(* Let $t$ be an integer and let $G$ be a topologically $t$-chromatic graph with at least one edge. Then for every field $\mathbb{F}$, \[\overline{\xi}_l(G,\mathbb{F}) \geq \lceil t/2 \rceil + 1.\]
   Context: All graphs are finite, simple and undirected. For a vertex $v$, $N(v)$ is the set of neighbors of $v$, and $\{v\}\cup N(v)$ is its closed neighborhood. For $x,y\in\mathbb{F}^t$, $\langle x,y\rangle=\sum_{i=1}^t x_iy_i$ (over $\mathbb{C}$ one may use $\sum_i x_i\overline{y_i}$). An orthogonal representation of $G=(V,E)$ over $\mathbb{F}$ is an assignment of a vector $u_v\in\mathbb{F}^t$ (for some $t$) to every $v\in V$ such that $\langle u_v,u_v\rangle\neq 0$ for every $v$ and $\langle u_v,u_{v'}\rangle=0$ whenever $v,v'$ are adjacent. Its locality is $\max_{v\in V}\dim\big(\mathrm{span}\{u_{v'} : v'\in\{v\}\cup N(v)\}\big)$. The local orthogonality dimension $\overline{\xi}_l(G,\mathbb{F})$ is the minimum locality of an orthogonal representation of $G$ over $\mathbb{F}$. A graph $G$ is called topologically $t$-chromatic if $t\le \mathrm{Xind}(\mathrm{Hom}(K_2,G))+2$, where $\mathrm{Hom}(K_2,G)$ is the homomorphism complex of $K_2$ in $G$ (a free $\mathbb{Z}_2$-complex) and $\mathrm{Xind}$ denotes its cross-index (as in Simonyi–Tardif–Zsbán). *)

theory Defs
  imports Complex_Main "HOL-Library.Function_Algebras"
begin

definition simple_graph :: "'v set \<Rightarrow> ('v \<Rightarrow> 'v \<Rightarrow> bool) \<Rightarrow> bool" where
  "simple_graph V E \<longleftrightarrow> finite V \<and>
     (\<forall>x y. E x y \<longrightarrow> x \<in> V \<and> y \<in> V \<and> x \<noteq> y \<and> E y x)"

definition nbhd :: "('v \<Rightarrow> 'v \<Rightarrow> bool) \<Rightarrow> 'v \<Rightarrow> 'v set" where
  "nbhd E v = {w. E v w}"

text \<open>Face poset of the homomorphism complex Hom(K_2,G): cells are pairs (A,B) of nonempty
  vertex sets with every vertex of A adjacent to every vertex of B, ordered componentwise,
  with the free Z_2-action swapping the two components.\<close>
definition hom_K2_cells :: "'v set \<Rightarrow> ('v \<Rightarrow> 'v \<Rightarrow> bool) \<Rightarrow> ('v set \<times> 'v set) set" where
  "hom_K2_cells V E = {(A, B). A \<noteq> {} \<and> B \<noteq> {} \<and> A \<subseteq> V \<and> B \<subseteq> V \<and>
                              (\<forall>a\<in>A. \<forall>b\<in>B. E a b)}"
+++++
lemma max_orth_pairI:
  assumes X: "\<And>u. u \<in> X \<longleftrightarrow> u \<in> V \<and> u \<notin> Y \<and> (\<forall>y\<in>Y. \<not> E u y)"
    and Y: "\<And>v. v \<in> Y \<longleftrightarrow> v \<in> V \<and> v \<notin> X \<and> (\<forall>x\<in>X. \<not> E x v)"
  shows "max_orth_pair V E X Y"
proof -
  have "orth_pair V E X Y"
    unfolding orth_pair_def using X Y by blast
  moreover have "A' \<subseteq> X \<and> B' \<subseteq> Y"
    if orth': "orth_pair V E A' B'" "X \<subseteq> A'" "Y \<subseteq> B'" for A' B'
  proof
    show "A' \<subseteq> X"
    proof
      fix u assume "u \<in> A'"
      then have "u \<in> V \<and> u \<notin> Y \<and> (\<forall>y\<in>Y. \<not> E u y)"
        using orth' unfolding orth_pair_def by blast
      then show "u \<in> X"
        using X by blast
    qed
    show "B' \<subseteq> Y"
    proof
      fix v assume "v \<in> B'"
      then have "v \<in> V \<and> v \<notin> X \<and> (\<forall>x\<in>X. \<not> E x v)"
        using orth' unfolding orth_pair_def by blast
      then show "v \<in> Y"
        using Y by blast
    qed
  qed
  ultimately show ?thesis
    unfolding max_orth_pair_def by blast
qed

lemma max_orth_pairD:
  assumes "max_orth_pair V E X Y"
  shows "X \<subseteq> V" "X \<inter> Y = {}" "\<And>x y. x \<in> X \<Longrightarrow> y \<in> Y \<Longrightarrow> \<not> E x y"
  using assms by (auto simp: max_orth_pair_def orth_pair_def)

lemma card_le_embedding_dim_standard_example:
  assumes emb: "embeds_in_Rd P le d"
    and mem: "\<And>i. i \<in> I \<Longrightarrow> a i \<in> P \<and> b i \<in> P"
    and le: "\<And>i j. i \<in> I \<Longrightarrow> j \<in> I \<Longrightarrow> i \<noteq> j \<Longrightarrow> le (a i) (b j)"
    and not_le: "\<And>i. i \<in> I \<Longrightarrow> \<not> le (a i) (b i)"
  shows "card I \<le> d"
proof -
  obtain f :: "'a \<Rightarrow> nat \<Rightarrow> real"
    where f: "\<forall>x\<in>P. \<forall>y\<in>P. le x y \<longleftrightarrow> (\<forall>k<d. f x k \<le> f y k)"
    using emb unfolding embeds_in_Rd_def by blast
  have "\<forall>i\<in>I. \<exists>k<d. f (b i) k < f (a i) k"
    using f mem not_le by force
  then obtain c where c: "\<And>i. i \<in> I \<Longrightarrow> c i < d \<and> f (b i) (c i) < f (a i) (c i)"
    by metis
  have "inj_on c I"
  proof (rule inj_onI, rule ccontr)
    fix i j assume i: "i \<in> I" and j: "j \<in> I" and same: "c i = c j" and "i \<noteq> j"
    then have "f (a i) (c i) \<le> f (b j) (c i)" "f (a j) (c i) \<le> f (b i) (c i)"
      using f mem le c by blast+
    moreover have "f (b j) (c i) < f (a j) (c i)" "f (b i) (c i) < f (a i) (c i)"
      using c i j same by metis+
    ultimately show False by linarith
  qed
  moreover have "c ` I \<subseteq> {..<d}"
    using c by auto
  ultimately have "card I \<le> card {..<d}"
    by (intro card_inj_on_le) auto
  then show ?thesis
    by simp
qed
+++++
EXERCISE DIRECTIONS — Your answer must be one number: the count of lines in the entries that contain the string "unfolding".

OUTPUT OF THE EXERCISE — 5